■ YOUR ASSIGNMENT ■
Below are the records. Reproduce the line that contains "lborel (\<lambda>t. B" and every line after it to the end, exactly and alone.

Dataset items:

+===+

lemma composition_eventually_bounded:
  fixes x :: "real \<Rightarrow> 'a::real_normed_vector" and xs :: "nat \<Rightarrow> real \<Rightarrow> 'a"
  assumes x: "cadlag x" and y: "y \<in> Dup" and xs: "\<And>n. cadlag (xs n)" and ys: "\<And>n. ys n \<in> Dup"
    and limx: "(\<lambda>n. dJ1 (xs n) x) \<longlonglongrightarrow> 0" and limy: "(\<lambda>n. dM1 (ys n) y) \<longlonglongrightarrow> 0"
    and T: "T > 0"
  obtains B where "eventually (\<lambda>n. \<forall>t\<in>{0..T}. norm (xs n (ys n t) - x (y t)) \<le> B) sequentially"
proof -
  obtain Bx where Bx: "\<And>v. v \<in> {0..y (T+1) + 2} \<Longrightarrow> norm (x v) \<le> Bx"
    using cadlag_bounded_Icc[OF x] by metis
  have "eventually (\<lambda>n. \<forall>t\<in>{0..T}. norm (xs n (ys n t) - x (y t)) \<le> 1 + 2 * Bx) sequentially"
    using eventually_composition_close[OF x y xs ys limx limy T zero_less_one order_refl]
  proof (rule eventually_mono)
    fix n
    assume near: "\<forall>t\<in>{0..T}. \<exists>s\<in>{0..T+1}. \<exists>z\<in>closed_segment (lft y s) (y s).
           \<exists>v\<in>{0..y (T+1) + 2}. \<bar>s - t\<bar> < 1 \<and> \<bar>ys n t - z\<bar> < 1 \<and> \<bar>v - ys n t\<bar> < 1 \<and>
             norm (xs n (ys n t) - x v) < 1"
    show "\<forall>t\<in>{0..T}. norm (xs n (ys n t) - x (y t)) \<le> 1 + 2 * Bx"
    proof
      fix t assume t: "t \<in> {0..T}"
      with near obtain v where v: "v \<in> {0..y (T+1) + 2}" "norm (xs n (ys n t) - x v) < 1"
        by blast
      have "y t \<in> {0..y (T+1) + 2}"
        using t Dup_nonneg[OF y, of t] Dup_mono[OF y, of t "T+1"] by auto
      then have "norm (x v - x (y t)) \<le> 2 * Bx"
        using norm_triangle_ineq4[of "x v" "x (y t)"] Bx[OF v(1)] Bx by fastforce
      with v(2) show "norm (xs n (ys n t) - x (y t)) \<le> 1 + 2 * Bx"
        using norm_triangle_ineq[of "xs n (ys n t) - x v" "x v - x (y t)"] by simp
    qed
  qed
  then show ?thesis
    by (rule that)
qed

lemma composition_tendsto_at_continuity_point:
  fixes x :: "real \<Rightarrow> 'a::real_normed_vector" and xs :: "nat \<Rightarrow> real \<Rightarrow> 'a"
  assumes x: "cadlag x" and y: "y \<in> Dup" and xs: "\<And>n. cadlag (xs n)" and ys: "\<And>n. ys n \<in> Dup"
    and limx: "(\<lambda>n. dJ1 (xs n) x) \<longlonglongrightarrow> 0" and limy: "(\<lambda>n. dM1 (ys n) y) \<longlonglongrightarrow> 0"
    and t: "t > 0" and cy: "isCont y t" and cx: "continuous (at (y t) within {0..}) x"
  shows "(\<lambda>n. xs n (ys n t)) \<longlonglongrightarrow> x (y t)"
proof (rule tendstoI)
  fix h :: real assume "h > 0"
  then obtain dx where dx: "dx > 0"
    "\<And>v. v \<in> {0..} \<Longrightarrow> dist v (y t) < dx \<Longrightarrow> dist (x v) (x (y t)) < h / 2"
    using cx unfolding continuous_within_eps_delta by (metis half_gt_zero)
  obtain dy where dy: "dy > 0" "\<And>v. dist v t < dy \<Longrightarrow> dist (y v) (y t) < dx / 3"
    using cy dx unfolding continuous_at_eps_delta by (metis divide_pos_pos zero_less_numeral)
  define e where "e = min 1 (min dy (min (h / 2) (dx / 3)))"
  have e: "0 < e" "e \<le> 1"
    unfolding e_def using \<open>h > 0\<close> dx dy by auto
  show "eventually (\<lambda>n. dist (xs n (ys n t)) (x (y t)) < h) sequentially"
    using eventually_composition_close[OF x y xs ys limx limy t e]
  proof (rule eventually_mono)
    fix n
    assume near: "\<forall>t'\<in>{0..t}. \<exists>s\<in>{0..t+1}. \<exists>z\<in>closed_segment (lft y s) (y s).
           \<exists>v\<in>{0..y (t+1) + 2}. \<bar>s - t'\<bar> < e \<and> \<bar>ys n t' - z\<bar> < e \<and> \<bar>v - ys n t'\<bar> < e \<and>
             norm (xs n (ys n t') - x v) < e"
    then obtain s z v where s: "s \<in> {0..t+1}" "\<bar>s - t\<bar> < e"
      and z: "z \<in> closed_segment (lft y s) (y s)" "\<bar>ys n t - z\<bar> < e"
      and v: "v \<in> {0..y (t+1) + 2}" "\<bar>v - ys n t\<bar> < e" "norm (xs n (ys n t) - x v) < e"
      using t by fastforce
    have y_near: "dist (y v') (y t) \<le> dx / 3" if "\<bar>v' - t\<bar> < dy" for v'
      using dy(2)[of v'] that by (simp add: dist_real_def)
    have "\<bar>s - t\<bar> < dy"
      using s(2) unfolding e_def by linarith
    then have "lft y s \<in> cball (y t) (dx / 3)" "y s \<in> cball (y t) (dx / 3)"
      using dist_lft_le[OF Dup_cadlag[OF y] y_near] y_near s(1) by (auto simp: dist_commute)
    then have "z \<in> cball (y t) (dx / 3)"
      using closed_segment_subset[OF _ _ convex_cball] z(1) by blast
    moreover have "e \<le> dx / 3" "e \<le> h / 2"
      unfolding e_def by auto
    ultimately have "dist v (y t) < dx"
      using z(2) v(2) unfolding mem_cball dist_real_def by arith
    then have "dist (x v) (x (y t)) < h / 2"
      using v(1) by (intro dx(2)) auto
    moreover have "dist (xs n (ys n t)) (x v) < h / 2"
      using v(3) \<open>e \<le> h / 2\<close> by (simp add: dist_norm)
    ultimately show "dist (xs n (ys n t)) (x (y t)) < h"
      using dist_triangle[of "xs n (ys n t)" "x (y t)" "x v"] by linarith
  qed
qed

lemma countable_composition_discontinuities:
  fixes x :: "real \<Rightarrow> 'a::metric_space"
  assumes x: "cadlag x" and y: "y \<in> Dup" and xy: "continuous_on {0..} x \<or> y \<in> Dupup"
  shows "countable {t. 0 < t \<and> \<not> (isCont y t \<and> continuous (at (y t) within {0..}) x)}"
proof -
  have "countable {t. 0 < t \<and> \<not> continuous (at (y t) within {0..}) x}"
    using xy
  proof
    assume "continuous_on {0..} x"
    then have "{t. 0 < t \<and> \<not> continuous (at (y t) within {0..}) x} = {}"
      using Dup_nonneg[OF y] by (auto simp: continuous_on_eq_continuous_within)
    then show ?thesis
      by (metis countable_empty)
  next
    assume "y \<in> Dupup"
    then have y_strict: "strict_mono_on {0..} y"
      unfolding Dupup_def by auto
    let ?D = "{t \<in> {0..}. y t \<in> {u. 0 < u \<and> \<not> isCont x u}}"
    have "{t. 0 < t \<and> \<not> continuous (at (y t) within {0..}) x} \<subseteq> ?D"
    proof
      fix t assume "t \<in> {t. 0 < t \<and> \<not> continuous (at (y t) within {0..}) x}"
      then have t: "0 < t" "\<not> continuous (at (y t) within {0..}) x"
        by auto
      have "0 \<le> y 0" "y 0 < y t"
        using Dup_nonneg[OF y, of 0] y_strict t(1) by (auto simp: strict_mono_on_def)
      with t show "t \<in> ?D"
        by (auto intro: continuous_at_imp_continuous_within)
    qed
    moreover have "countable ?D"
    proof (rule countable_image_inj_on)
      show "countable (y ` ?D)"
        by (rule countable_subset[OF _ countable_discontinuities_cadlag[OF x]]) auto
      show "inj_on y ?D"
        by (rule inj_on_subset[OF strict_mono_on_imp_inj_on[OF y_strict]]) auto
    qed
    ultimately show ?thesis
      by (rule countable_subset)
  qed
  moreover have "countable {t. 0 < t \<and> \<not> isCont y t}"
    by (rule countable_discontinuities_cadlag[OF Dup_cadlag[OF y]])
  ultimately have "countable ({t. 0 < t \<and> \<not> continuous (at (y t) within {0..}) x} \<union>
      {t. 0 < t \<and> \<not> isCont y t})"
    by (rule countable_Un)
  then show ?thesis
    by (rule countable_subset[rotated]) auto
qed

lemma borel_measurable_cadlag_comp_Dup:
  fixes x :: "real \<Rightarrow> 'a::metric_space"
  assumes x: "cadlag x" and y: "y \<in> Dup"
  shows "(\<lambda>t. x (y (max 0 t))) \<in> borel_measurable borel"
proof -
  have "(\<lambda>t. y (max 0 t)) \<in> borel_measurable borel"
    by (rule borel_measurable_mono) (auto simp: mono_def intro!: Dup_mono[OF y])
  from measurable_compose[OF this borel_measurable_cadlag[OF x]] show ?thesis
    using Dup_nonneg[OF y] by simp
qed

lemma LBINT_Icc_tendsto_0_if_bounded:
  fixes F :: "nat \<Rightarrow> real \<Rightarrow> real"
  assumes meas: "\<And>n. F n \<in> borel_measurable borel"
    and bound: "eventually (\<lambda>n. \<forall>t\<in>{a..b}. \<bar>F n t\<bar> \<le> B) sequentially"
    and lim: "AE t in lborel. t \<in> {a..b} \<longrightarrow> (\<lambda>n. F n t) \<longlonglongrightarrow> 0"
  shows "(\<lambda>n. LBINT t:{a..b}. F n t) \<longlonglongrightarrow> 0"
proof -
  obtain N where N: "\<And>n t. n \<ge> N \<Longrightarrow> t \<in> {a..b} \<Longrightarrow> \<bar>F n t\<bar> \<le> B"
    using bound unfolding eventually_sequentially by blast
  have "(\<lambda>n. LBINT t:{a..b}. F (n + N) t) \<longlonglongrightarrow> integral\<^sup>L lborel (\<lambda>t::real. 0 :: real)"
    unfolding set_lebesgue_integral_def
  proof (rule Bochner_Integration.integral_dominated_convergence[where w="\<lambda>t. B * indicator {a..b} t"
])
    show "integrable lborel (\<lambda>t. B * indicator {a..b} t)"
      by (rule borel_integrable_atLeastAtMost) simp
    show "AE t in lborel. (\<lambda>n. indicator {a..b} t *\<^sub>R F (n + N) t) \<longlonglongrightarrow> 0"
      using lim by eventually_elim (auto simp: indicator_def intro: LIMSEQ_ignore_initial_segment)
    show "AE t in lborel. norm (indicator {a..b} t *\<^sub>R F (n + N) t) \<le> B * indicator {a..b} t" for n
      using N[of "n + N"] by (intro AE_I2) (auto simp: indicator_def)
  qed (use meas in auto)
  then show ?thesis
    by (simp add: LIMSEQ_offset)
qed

+===+

■ WORKED SOLUTION ■
    show "integrable lborel (\<lambda>t. B * indicator {a..b} t)"
      by (rule borel_integrable_atLeastAtMost) simp
    show "AE t in lborel. (\<lambda>n. indicator {a..b} t *\<^sub>R F (n + N) t) \<longlonglongrightarrow> 0"
      using lim by eventually_elim (auto simp: indicator_def intro: LIMSEQ_ignore_initial_segment)
    show "AE t in lborel. norm (indicator {a..b} t *\<^sub>R F (n + N) t) \<le> B * indicator {a..b} t" for n
      using N[of "n + N"] by (intro AE_I2) (auto simp: indicator_def)
  qed (use meas in auto)
  then show ?thesis
    by (simp add: LIMSEQ_offset)
qed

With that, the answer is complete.